## THE PROBLEM:
Every line in the records below that holds "obtain" must be identified and copied.

## RECORDED INFORMATION:
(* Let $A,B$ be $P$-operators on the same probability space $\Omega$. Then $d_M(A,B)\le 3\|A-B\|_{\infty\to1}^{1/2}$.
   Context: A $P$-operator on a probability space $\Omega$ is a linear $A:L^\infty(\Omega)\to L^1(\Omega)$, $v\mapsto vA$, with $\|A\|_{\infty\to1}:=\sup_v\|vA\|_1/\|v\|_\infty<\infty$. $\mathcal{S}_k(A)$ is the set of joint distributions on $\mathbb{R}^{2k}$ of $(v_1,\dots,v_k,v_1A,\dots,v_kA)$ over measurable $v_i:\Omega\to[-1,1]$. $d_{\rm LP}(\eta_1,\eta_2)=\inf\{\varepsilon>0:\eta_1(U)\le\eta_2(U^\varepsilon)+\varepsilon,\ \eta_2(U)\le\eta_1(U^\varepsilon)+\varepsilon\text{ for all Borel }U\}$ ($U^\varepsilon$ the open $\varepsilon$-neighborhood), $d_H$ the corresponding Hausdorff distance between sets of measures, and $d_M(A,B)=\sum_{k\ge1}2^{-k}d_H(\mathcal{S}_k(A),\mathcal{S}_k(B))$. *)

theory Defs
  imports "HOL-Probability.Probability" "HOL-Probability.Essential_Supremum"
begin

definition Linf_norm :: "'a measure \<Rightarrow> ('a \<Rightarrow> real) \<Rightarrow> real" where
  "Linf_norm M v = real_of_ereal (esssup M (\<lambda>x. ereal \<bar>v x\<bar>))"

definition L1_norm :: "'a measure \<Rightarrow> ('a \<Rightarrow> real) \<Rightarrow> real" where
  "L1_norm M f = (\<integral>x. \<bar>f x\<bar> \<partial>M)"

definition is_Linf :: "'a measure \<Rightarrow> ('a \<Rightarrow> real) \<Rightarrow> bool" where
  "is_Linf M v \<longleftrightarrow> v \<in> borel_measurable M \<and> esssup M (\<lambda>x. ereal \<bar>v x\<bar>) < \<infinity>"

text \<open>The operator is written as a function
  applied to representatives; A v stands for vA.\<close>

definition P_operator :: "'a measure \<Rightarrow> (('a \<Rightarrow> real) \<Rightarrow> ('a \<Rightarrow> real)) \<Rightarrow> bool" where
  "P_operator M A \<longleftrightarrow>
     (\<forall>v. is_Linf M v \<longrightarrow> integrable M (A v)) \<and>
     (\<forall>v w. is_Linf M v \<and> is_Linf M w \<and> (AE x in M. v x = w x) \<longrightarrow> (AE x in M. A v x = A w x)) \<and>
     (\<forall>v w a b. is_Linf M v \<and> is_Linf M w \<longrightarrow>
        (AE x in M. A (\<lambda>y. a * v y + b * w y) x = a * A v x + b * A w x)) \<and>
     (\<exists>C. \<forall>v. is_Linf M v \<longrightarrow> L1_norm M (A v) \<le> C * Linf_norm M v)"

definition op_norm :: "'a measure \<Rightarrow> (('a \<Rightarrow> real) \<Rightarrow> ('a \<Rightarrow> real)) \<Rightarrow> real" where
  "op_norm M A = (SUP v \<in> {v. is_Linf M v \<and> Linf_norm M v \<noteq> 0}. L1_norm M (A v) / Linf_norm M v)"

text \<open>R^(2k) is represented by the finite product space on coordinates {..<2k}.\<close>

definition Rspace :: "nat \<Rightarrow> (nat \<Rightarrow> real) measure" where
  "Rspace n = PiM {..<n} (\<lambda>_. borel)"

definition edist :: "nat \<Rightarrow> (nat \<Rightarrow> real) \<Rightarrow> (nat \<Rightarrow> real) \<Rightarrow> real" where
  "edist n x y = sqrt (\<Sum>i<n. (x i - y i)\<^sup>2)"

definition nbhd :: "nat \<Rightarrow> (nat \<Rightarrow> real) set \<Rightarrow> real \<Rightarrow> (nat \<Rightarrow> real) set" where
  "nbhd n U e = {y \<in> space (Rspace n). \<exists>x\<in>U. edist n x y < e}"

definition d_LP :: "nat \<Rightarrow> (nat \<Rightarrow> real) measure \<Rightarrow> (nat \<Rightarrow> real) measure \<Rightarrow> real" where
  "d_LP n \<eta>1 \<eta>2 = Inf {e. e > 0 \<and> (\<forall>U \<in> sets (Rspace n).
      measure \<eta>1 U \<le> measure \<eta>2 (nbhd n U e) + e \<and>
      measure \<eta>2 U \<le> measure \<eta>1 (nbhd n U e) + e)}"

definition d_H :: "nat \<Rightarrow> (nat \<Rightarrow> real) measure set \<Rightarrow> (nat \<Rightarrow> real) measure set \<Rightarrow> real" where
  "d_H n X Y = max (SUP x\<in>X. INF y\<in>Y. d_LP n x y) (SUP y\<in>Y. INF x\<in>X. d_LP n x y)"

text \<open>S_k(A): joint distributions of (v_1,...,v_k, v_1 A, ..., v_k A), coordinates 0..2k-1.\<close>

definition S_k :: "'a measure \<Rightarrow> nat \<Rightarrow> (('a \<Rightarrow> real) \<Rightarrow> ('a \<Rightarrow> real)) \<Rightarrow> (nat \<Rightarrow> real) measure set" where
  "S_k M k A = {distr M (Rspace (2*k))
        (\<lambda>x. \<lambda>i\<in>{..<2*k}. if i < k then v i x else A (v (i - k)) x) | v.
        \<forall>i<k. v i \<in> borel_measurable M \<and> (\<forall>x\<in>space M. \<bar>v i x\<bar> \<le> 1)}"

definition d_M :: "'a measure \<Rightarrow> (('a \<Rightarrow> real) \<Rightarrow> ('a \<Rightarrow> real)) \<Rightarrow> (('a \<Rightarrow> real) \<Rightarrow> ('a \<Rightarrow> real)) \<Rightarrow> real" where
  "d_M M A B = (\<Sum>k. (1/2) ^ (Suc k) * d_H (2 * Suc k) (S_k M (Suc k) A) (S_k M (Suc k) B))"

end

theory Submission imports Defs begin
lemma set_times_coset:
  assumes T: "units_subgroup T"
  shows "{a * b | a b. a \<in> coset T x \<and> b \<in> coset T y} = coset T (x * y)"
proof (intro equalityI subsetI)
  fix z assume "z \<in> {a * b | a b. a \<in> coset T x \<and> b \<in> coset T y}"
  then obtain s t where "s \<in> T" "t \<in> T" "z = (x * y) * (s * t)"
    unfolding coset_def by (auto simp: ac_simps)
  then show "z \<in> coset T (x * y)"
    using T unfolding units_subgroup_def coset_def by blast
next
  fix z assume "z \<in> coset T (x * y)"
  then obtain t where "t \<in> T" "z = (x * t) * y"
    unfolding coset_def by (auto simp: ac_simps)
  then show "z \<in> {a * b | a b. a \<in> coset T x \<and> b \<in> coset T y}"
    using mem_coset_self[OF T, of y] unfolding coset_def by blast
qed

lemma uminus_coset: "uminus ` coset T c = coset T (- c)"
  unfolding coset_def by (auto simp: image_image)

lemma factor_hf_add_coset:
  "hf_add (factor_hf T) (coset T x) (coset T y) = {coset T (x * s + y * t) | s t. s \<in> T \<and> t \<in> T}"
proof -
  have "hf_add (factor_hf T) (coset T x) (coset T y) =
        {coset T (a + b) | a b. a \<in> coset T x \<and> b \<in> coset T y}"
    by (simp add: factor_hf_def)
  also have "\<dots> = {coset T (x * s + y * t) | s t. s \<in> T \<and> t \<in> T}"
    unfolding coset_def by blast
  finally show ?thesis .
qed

## RESPONSE AREA:
  then obtain s t where "s \<in> T" "t \<in> T" "z = (x * y) * (s * t)"
  then obtain t where "t \<in> T" "z = (x * t) * y"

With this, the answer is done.